**PROVIDED DATA:**
(* Let $F$ be an algebraically closed field of positive characteristic $p$, and let $\phi \in F(z)$ be a rational function with a single critical point $c \in \mathbb{P}^1(F)$. Then there exist polynomials $q_0, \ldots, q_n \in F[z]$ and a nonzero element $a \in F$ such that $\phi \circ \sigma(z) = [q_0(z^p), q_1(z^p), \ldots, q_n(z^p) + az]$, where $\sigma(z) = z$ if $c = \infty$ and $\sigma(z) = c + 1/z$ otherwise.
   Context: Continued fraction expansion: for $\psi \in F(z)$, repeated division gives unique polynomials $f_0, \ldots, f_n \in F[z]$, with $f_1, \ldots, f_n$ nonconstant, such that $\psi = f_0 + \cfrac{1}{f_1 + \cfrac{1}{\ddots + \cfrac{1}{f_n}}}$, written $\psi = [f_0, \ldots, f_n]$. Critical points: for $x \in F$, choose a fractional linear transformation $\tau$ over $F$ with $\tau(\phi(x)) \neq \infty$; $x$ is a critical point if $\frac{d(\tau\circ\phi)}{dz}(x) = 0$. The point $\infty$ is a critical point if $\frac{d(\tau \circ \phi(1/z))}{dz}\big|_{z=0} = 0$ for such $\tau$ with $\tau(\phi(\infty))\neq\infty$. These notions are independent of $\tau$. *)

theory Defs
  imports "HOL-Computational_Algebra.Polynomial" "HOL-Computational_Algebra.Fraction_Field"
begin

text \<open>Rational functions F(z) are modelled as the fraction field of F[z]; points of
  the projective line P^1(F) as 'a option, with None the point at infinity.\<close>

type_synonym 'a ratfun = "'a poly fract"
(* Let $\mathcal{O}$ be an order in $B_p$. Let $\beta_1,\beta_2,\beta_3\in\mathcal{O}^T$ be linearly independent, and let $\alpha_1,\alpha_2,\alpha_3\in\mathcal{O}$ satisfy $2\alpha_i-\mathrm{Tr}(\alpha_i)=\beta_i$ and $\mathrm{Tr}(\alpha_i)\in\{0,1\}$ for each $i$. The following are equivalent: (a) $\beta_1,\beta_2,\beta_3$ attain the successive minima of $\mathcal{O}^T$. (b) $1,\alpha_1,\alpha_2,\alpha_3$ attain the successive minima of $\mathcal{O}$, and whenever $\mathrm{Tr}(\alpha_i)=0$ for some $i\in\{1,2,3\}$, every $\gamma\in\mathcal{O}$ with $N(\gamma)=N(\alpha_i)$ that is linearly independent from $1,\alpha_1,\dots,\alpha_{i-1}$ satisfies $\mathrm{Tr}(\gamma)=0$.
   Context: $B_p$ is the quaternion algebra over $\mathbb{Q}$ ramified exactly at the prime $p$ and $\infty$, with canonical involution $\overline{x}$, reduced norm $N(x)=x\overline{x}$, reduced trace $\mathrm{Tr}(x)=x+\overline{x}$. The Gross lattice is $\mathcal{O}^T=\{2x-\mathrm{Tr}(x):x\in\mathcal{O}\}$. Both $\mathcal{O}$ (rank 4) and $\mathcal{O}^T$ (rank 3) carry the positive definite quadratic form $N$. For a lattice $\Lambda$ of rank $k$ with positive definite quadratic form $Q$, the $i$-th successive minimum is the minimum value $D_i$ such that the $\mathbb{Z}$-module generated by $\{v\in\Lambda:Q(v)\le D_i\}$ has rank at least $i$; a list $v_1,\dots,v_k$ attains the successive minima if it is linearly independent and $Q(v_i)=D_i$ for each $i$. *)

theory Defs
  imports "HOL-Number_Theory.Number_Theory"
begin

text \<open>Elements of the rational quaternion algebra (a,b)_Q, written
  x0 + x1 i + x2 j + x3 k with i^2 = a, j^2 = b, k = ij = -ji.\<close>
datatype quat = Quat (re: rat) (ci: rat) (cj: rat) (ck: rat)

definition qone :: quat where "qone = Quat 1 0 0 0"
definition qzero :: quat where "qzero = Quat 0 0 0 0"

definition qscalar :: "rat \<Rightarrow> quat" where "qscalar c = Quat c 0 0 0"

definition qadd :: "quat \<Rightarrow> quat \<Rightarrow> quat" where
  "qadd x y = Quat (re x + re y) (ci x + ci y) (cj x + cj y) (ck x + ck y)"

definition qsub :: "quat \<Rightarrow> quat \<Rightarrow> quat" where
  "qsub x y = Quat (re x - re y) (ci x - ci y) (cj x - cj y) (ck x - ck y)"

definition qscale :: "rat \<Rightarrow> quat \<Rightarrow> quat" where
  "qscale c x = Quat (c * re x) (c * ci x) (c * cj x) (c * ck x)"

definition qmul :: "int \<Rightarrow> int \<Rightarrow> quat \<Rightarrow> quat \<Rightarrow> quat" where
  "qmul a b x y = Quat
     (re x * re y + of_int a * ci x * ci y + of_int b * cj x * cj y - of_int (a*b) * ck x * ck y)
     (re x * ci y + ci x * re y - of_int b * cj x * ck y + of_int b * ck x * cj y)
     (re x * cj y + cj x * re y + of_int a * ci x * ck y - of_int a * ck x * ci y)
     (re x * ck y + ck x * re y + ci x * cj y - cj x * ci y)"

definition qconj :: "quat \<Rightarrow> quat" where
  "qconj x = Quat (re x) (- ci x) (- cj x) (- ck x)"

definition qtr :: "quat \<Rightarrow> rat" where "qtr x = 2 * re x"

definition qnorm :: "int \<Rightarrow> int \<Rightarrow> quat \<Rightarrow> rat" where
  "qnorm a b x = (re x)^2 - of_int a * (ci x)^2 - of_int b * (cj x)^2 + of_int (a*b) * (ck x)^2"

definition lincomb :: "(nat \<Rightarrow> rat) \<Rightarrow> quat list \<Rightarrow> quat" where
  "lincomb c vs = Quat (\<Sum>i<length vs. c i * re (vs!i)) (\<Sum>i<length vs. c i * ci (vs!i))
                       (\<Sum>i<length vs. c i * cj (vs!i)) (\<Sum>i<length vs. c i * ck (vs!i))"

definition lin_indep :: "quat list \<Rightarrow> bool" where
  "lin_indep vs \<longleftrightarrow> (\<forall>c. lincomb c vs = qzero \<longrightarrow> (\<forall>i<length vs. c i = 0))"

definition zspan :: "quat list \<Rightarrow> quat set" where
  "zspan vs = {lincomb (\<lambda>i. of_int (n i)) vs | n. True}"

definition is_order :: "int \<Rightarrow> int \<Rightarrow> quat set \<Rightarrow> bool" where
  "is_order a b Ord \<longleftrightarrow> (\<exists>vs. length vs = 4 \<and> lin_indep vs \<and> Ord = zspan vs) \<and>
     qone \<in> Ord \<and> (\<forall>x\<in>Ord. \<forall>y\<in>Ord. qmul a b x y \<in> Ord)"

definition gross_map :: "quat \<Rightarrow> quat" where
  "gross_map x = qsub (qscale 2 x) (qscalar (qtr x))"

definition gross_lattice :: "quat set \<Rightarrow> quat set" where
  "gross_lattice Ord = gross_map ` Ord"

text \<open>Local Hilbert symbol (a,b)_l = 1 at a prime l: z^2 = a x^2 + b y^2 has a nontrivial
  solution in Q_l, equivalently (compactness of the primitive vectors in Z_l^3) a primitive
  solution modulo every power of l.\<close>
definition hilbert_trivial_at :: "nat \<Rightarrow> int \<Rightarrow> int \<Rightarrow> bool" where
  "hilbert_trivial_at l a b \<longleftrightarrow> (\<forall>k::nat. \<exists>x y z :: int.
      \<not> (int l dvd x \<and> int l dvd y \<and> int l dvd z) \<and>
      [a * x^2 + b * y^2 = z^2] (mod (int l ^ k)))"

definition ramified_infty :: "int \<Rightarrow> int \<Rightarrow> bool" where
  "ramified_infty a b \<longleftrightarrow> a < 0 \<and> b < 0"

definition is_Bp :: "nat \<Rightarrow> int \<Rightarrow> int \<Rightarrow> bool" where
  "is_Bp p a b \<longleftrightarrow> a \<noteq> 0 \<and> b \<noteq> 0 \<and> ramified_infty a b \<and> \<not> hilbert_trivial_at p a b \<and>
     (\<forall>l. prime l \<and> l \<noteq> p \<longrightarrow> hilbert_trivial_at l a b)"

definition rank_ge :: "quat set \<Rightarrow> nat \<Rightarrow> bool" where
  "rank_ge S i \<longleftrightarrow> (\<exists>vs. length vs = i \<and> set vs \<subseteq> S \<and> lin_indep vs)"

definition is_succ_min :: "(quat \<Rightarrow> rat) \<Rightarrow> quat set \<Rightarrow> nat \<Rightarrow> rat \<Rightarrow> bool" where
  "is_succ_min Q L i D \<longleftrightarrow> rank_ge {v\<in>L. Q v \<le> D} i \<and>
     (\<forall>D'. rank_ge {v\<in>L. Q v \<le> D'} i \<longrightarrow> D \<le> D')"

definition attains_succ_min :: "(quat \<Rightarrow> rat) \<Rightarrow> quat set \<Rightarrow> nat \<Rightarrow> quat list \<Rightarrow> bool" where
  "attains_succ_min Q L k vs \<longleftrightarrow> length vs = k \<and> set vs \<subseteq> L \<and> lin_indep vs \<and>
     (\<forall>i<k. is_succ_min Q L (Suc i) (Q (vs!i)))"

end

theory Submission
  imports Defs
begin

text \<open>The Gross map \<open>g x = 2 x - Tr x\<close> maps \<open>O\<close> onto \<open>O\<^sup>T\<close>, satisfies
  \<open>N (g x) = 4 N x - (Tr x)\<^sup>2\<close> and kills exactly the rational multiples of \<open>1\<close>, so
  \<open>1, x\<^sub>1, ..., x\<^sub>k\<close> are independent iff \<open>g x\<^sub>1, ..., g x\<^sub>k\<close> are.
  A list attains the successive minima iff each entry has least norm among the lattice vectors
  independent of its predecessors, which splits both sides of the equivalence into separate
  conditions on each \<open>\<alpha>\<^sub>i\<close>. Since \<open>O\<close> is a ring, traces and norms on \<open>O\<close> are integers, and every
  element of \<open>O\<^sup>T\<close> lifts to an element of \<open>O\<close> of trace \<open>0\<close> or \<open>1\<close>. For \<open>\<alpha>\<^sub>i\<close> of trace
  \<open>t\<^sub>i \<in> {0, 1}\<close> we have \<open>N \<beta>\<^sub>i = 4 N \<alpha>\<^sub>i - t\<^sub>i\<close>, so \<open>\<beta>\<^sub>i\<close> has least norm iff \<open>\<alpha>\<^sub>i\<close> does,
  with ties broken in favour of trace \<open>0\<close>: that tie-break is the extra condition in (b).
  Finally \<open>1\<close> attains the first minimum of \<open>O\<close> because \<open>B\<^sub>p\<close> is definite, which is the only
  property of \<open>B\<^sub>p\<close> that is used.\<close>

section \<open>Quaternions as a rational vector space\<close>

instantiation quat :: ab_group_add
begin
definition zero_quat_def: "0 = qzero"
definition plus_quat_def: "x + y = qadd x y"
definition minus_quat_def: "x - y = qsub x y"
definition uminus_quat_def: "- x = Quat (- re x) (- ci x) (- cj x) (- ck x)"
instance
  by standard (auto simp: zero_quat_def plus_quat_def minus_quat_def uminus_quat_def
      qzero_def qadd_def qsub_def quat.expand)
end

lemma quat_eq_iff: "x = y \<longleftrightarrow> re x = re y \<and> ci x = ci y \<and> cj x = cj y \<and> ck x = ck y"
  using quat.expand by auto

lemma quat_components [simp]:
  "re 0 = 0" "ci 0 = 0" "cj 0 = 0" "ck 0 = 0"
  "re (x + y) = re x + re y" "ci (x + y) = ci x + ci y" "cj (x + y) = cj x + cj y" "ck (x + y) = ck x + ck y"
  "re (x - y) = re x - re y" "ci (x - y) = ci x - ci y" "cj (x - y) = cj x - cj y" "ck (x - y) = ck x - ck y"
  "re (- x) = - re x" "ci (- x) = - ci x" "cj (- x) = - cj x" "ck (- x) = - ck x"
  "re (qscale c x) = c * re x" "ci (qscale c x) = c * ci x" "cj (qscale c x) = c * cj x" "ck (qscale c x) = c * ck x"
  "re qone = 1" "ci qone = 0" "cj qone = 0" "ck qone = 0"
  "re (qscalar r) = r" "ci (qscalar r) = 0" "cj (qscalar r) = 0" "ck (qscalar r) = 0"
  "re qzero = 0" "ci qzero = 0" "cj qzero = 0" "ck qzero = 0"
  by (simp_all add: zero_quat_def plus_quat_def minus_quat_def uminus_quat_def
      qzero_def qadd_def qsub_def qscale_def qone_def qscalar_def)
lemma mean_opinion_bounds:
  assumes "1 < h" "1/2 \<le> y" "y \<le> 1"
  shows "1/2 \<le> mean_opinion h y" "mean_opinion h y \<le> h / (h + 1)" "h / (h + 1) < 1"
proof -
  show "1/2 \<le> mean_opinion h y"
  proof -
    have "mean_opinion h (1/2) = 1/2" using assms by (simp add: mean_opinion_def field_simps)
    then show ?thesis using assms mean_opinion_mono[of h "1/2" y] by simp
  qed
  show "mean_opinion h y \<le> h / (h + 1)"
    using assms mean_opinion_mono[of h y 1] by (simp add: mean_opinion_def)
  show "h / (h + 1) < 1" using assms by simp
qed

section \<open>Eventually monotone sequences\<close>

lemma mono_on_atLeastI:
  fixes f :: "nat \<Rightarrow> 'a::preorder"
  assumes "\<And>t. T \<le> t \<Longrightarrow> f t \<le> f (Suc t)"
  shows "mono_on {T..} f"
proof (rule mono_onI)
  fix r s :: nat assume "r \<in> {T..}" "r \<le> s"
  from \<open>r \<le> s\<close> show "f r \<le> f s"
  proof (induction s rule: dec_induct)
    case (step s)
    then show ?case using assms[of s] \<open>r \<in> {T..}\<close> order_trans by auto
  qed simp
qed

lemma antimono_on_atLeastI:
  fixes f :: "nat \<Rightarrow> 'a::preorder"
  assumes "\<And>t. T \<le> t \<Longrightarrow> f (Suc t) \<le> f t"
  shows "antimono_on {T..} f"
proof (rule monotone_onI)
  fix r s :: nat assume "r \<in> {T..}" "r \<le> s"
  from \<open>r \<le> s\<close> show "f s \<le> f r"
  proof (induction s rule: dec_induct)
    case (step s)
    then show ?case using assms[of s] \<open>r \<in> {T..}\<close> order_trans by auto
  qed simp
qed

lemma convergent_if_eventually_monotone:
  fixes f :: "nat \<Rightarrow> real"
  assumes "mono_on {T..} f \<or> antimono_on {T..} f" "\<And>t. \<bar>f t\<bar> \<le> B"
  shows "convergent f"
proof -
  have "Bseq (\<lambda>t. f (t + T))" using assms(2) by (intro BseqI') auto
  then show ?thesis
    using assms(1) Bseq_monoseq_convergent'_inc[of f T] Bseq_monoseq_convergent'_dec[of f T]
    by (auto simp: monotone_on_def)
qed

lemma mono_on_atLeast_le_lim:
  fixes f :: "nat \<Rightarrow> real"
  assumes "mono_on {T..} f" "f \<longlonglongrightarrow> L" "T \<le> r"
  shows "f r \<le> L"
  using assms(1,3) by (intro LIMSEQ_le_const[OF assms(2)] exI[of _ r]) (auto simp: monotone_on_def)

lemma order_preserving_step_persists:
  fixes X Y :: "nat \<Rightarrow> real"
  assumes order_preserving: "\<And>t s. X t \<le> X s \<Longrightarrow> Y t \<le> Y s \<Longrightarrow> X (Suc t) \<le> X (Suc s) \<and> Y (Suc t) \<le> Y (Suc s)"
    and "T \<le> t"
  shows "(X T \<le> X (Suc T) \<and> Y T \<le> Y (Suc T) \<longrightarrow> X t \<le> X (Suc t) \<and> Y t \<le> Y (Suc t)) \<and>
    (X (Suc T) \<le> X T \<and> Y (Suc T) \<le> Y T \<longrightarrow> X (Suc t) \<le> X t \<and> Y (Suc t) \<le> Y t)"
  using assms(2) by (induction t rule: dec_induct) (use order_preserving in blast)+

lemma opposite_increments_persist:
  fixes X Y :: "nat \<Rightarrow> real"
  assumes increments: "\<And>t. Y (Suc (Suc t)) - Y (Suc t) = \<phi> * (X (Suc (Suc t)) - X (Suc t)) + \<kappa> * (Y (Suc t) - Y t)"
    and "0 < \<phi>" "0 < \<kappa>"
    and opposite: "\<And>t. (X t < X (Suc t) \<and> Y (Suc t) < Y t) \<or> (X (Suc t) < X t \<and> Y t < Y (Suc t))"
  shows "X t < X (Suc t) \<and> Y (Suc t) < Y t \<longleftrightarrow> X 0 < X 1 \<and> Y 1 < Y 0"
proof -
  have no_flip_down: False
    if "X t < X (Suc t)" "Y (Suc t) < Y t" "X (Suc (Suc t)) < X (Suc t)" "Y (Suc t) < Y (Suc (Suc t))"
    for t
  proof -
    have "\<phi> * (X (Suc (Suc t)) - X (Suc t)) < 0" "\<kappa> * (Y (Suc t) - Y t) < 0"
      using that assms(2,3) by (simp_all add: mult_pos_neg)
    then show False using increments[of t] that by linarith
  qed
  have no_flip_up: False
    if "X (Suc t) < X t" "Y t < Y (Suc t)" "X (Suc t) < X (Suc (Suc t))" "Y (Suc (Suc t)) < Y (Suc t)"
    for t
  proof -
    have "0 < \<phi> * (X (Suc (Suc t)) - X (Suc t))" "0 < \<kappa> * (Y (Suc t) - Y t)"
      using that assms(2,3) by simp_all
    then show False using increments[of t] that by linarith
  qed
  have "X t < X (Suc t) \<and> Y (Suc t) < Y t \<longleftrightarrow>
      X (Suc t) < X (Suc (Suc t)) \<and> Y (Suc (Suc t)) < Y (Suc t)" for t
    using opposite[of t] opposite[of "Suc t"] no_flip_down[of t] no_flip_up[of t] by blast
  then show ?thesis by (induction t) auto
qed

lemma eventually_monotone_pair:
  fixes X Y :: "nat \<Rightarrow> real"
  assumes order_preserving: "\<And>t s. X t \<le> X s \<Longrightarrow> Y t \<le> Y s \<Longrightarrow> X (Suc t) \<le> X (Suc s) \<and> Y (Suc t) \<le> Y (Suc s)"
    and increments: "\<And>t. Y (Suc (Suc t)) - Y (Suc t) = \<phi> * (X (Suc (Suc t)) - X (Suc t)) + \<kappa> * (Y (Suc t) - Y t)"
    and "0 < \<phi>" "0 < \<kappa>"
  shows "\<exists>T. (mono_on {T..} X \<or> antimono_on {T..} X) \<and> (mono_on {T..} Y \<or> antimono_on {T..} Y)"
proof (cases "\<exists>T. (X T \<le> X (Suc T) \<and> Y T \<le> Y (Suc T)) \<or> (X (Suc T) \<le> X T \<and> Y (Suc T) \<le> Y T)")
  case True
  then obtain T where "(X T \<le> X (Suc T) \<and> Y T \<le> Y (Suc T)) \<or> (X (Suc T) \<le> X T \<and> Y (Suc T) \<le> Y T)"
    by blast
  then have "(mono_on {T..} X \<and> mono_on {T..} Y) \<or> (antimono_on {T..} X \<and> antimono_on {T..} Y)"
    using order_preserving_step_persists[of X Y T, OF order_preserving]
    by (blast intro: mono_on_atLeastI antimono_on_atLeastI)
  then show ?thesis by blast
next
  case False
  then have opposite: "(X t < X (Suc t) \<and> Y (Suc t) < Y t) \<or> (X (Suc t) < X t \<and> Y t < Y (Suc t))" for t
    by (auto simp: not_le)
  note pattern = opposite_increments_persist[of Y \<phi> X \<kappa>, OF increments assms(3,4) opposite]
  show ?thesis
  proof (cases "X 0 < X 1 \<and> Y 1 < Y 0")
    case True
    then have steps: "X t < X (Suc t) \<and> Y (Suc t) < Y t" for t using pattern[of t] by blast
    have "mono_on {0..} X" using steps by (intro mono_on_atLeastI) (simp add: less_imp_le)
    moreover have "antimono_on {0..} Y" using steps by (intro antimono_on_atLeastI) (simp add: less_imp_le)
    ultimately show ?thesis by blast
  next
    case False
    then have steps: "X (Suc t) < X t \<and> Y t < Y (Suc t)" for t using pattern[of t] opposite[of t] by blast
    have "antimono_on {0..} X" using steps by (intro antimono_on_atLeastI) (simp add: less_imp_le)
    moreover have "mono_on {0..} Y" using steps by (intro mono_on_atLeastI) (simp add: less_imp_le)
    ultimately show ?thesis by blast
  qed
qed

**INSTRUCTIONS FOR THE TASK:**
The answer must consist of each line from the entries that contains the string "False".

**RESULT FOR THIS EXERCISE:**
  have no_flip_down: False
    then show False using increments[of t] that by linarith
  have no_flip_up: False
    then show False using increments[of t] that by linarith
  case False
    case False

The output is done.